Изменить стиль страницы

Это — страшная и смутная история, рассказ о Василии Сучкове. Мне хочется списать те строчки, в которых он достигает наибольшего напряжения.

Варвара, жена Сучкова, — добрая, простая женщина. Она поссорилась с мужем, теперь поми­рилась. Она радуется, что он опять ласков с ней, верит ему. Сучков заманивает ее к морю, будто бы «погулять, потолковать обо всем».

«За Смоленским кладбищем на западе лежала пустынная, голая и низменная земля, так называемый Новый Петербург…

Туда-то и шли сейчас Сучков – впереди, сунув руки в карманы, широко шагая, и Ваpвapa, отстававшая несколько от него. Вдали низко над зеркальным морем висели облака, уже окрашенные вечерней зарей.
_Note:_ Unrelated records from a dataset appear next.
definition mutual_info :: "nat \<Rightarrow> nat set \<Rightarrow> ((nat \<Rightarrow> bool) \<Rightarrow> nat \<Rightarrow> real)
    \<Rightarrow> ((nat \<Rightarrow> bool) \<times> nat \<Rightarrow> 'a) \<Rightarrow> ((nat \<Rightarrow> bool) \<times> nat \<Rightarrow> 'b) \<Rightarrow> real" where
  "mutual_info m Out W F G =
     (\<Sum>a\<in>F ` omega m Out. \<Sum>b\<in>G ` omega m Out.
        let pab = prob_ev m Out W (\<lambda>\<omega>. F \<omega> = a \<and> G \<omega> = b);
            pa = prob_ev m Out W (\<lambda>\<omega>. F \<omega> = a);
            pb = prob_ev m Out W (\<lambda>\<omega>. G \<omega> = b)
        in if pab = 0 then 0 else pab * log 2 (pab / (pa * pb)))"

definition Xsub :: "nat set \<Rightarrow> (nat \<Rightarrow> bool) \<times> nat \<Rightarrow> (nat \<Rightarrow> bool)" where
  "Xsub S \<omega> = (\<lambda>i. fst \<omega> i \<and> i \<in> S)"

definition Yout :: "(nat \<Rightarrow> bool) \<times> nat \<Rightarrow> nat" where
  "Yout \<omega> = snd \<omega>"

definition YXcompl :: "nat \<Rightarrow> nat set \<Rightarrow> (nat \<Rightarrow> bool) \<times> nat \<Rightarrow> nat \<times> (nat \<Rightarrow> bool)" where
  "YXcompl m S \<omega> = (Yout \<omega>, Xsub (users m - S) \<omega>)"

definition Xdot :: "nat set \<Rightarrow> (nat \<Rightarrow> bool) \<times> nat \<Rightarrow> bool" where
  "Xdot S \<omega> = odd (card {i\<in>S. fst \<omega> i})"

end

theory Submission
  imports Defs
begin

text \<open>Write H(X[A] | Y) for the conditional entropy of the inputs in A given the output.
  Since the inputs are uniform, I(X[S]; Y, X[S^c]) = |S| + H(Y, X[S^c]) - H(Y, X[E_m]), so the hypothesis
  puts every H(X[A] | Y) within 2\<epsilon> of an integer computable from the rounded informations.
  The key step concerns two bits U, V and a conditioning variable K: the Shannon inequalities
  together with H(U \<oplus> V | K) + H(U | K) + H(V | K) \<le> 2 H(U, V | K) show that if H(U | K),
  H(V | K) and H(U, V | K) are within d of integers, then H(U \<oplus> V | K) is within 4d of an
  integer determined by them. Replacing one input bit by its sum with another therefore keeps all
  the entropies H(X[A] | Y) near predicted integers, losing a factor 9 in the error. After |S| - 1
  such replacements one coordinate has become X[E_m]\<cdot>S, so H(X[E_m]\<cdot>S | Y) is close to 0 or 1,
  and I(X[E_m]\<cdot>S; Y) = 1 - H(X[E_m]\<cdot>S | Y) for S \<noteq> {}.\<close>

section \<open>Entropy on a finite probability space\<close>

locale finite_prob =
  fixes \<Omega> :: "'w set" and w :: "'w \<Rightarrow> real"
  assumes finite_space: "finite \<Omega>"
    and weight_nonneg: "\<And>x. x \<in> \<Omega> \<Longrightarrow> 0 \<le> w x"
    and weight_sum: "sum w \<Omega> = 1"
begin

definition prob :: "('w \<Rightarrow> bool) \<Rightarrow> real" where
  "prob E = (\<Sum>x\<in>\<Omega>. if E x then w x else 0)"

definition entropy :: "('w \<Rightarrow> 'a) \<Rightarrow> real" where
  "entropy F = (\<Sum>x\<in>\<Omega>. w x * - log 2 (prob (\<lambda>y. F y = F x)))"

definition cond_entropy :: "('w \<Rightarrow> 'a) \<Rightarrow> ('w \<Rightarrow> 'b) \<Rightarrow> real" where
  "cond_entropy F K = entropy (\<lambda>x. (K x, F x)) - entropy K"

lemma prob_nonneg: "0 \<le> prob E"
  unfolding prob_def by (rule sum_nonneg) (auto intro: weight_nonneg)

lemma prob_cong: "(\<And>x. x \<in> \<Omega> \<Longrightarrow> E x = E' x) \<Longrightarrow> prob E = prob E'"
  unfolding prob_def by (rule sum.cong) auto

lemma prob_mono: "(\<And>x. x \<in> \<Omega> \<Longrightarrow> E x \<Longrightarrow> E' x) \<Longrightarrow> prob E \<le> prob E'"
  unfolding prob_def by (rule sum_mono) (auto intro: weight_nonneg)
Красноватый, золотой, зелено-водянистый свет зари мирно разливался за полосками фортов Кронштадта, за лесистыми берегами Лахты, повисшими, как мираж, над заливом.

– Вася, не беги, куда ты торопишься? – задыхаясь, повторяла Ваpвapa. Всю дорогу до кладбища Сучков простоял на площадке трамвая. Сойдя, он взял Варвару под руку. И шел быстро, все быстрее. Маленькие глаза его бегали по сторонам, по лицам редких прохожих. Когда за поворотом открылось зеркальное море и вечерняя заря над ним и Варвара прижалась к мужу за лаской – он выдернул руку из руки Варвары и побежал вперед.

Он остановился у невысокого обрыва. Внизу ленивая пленка воды набегала на песок, на осколки пивных бутылок, на камни.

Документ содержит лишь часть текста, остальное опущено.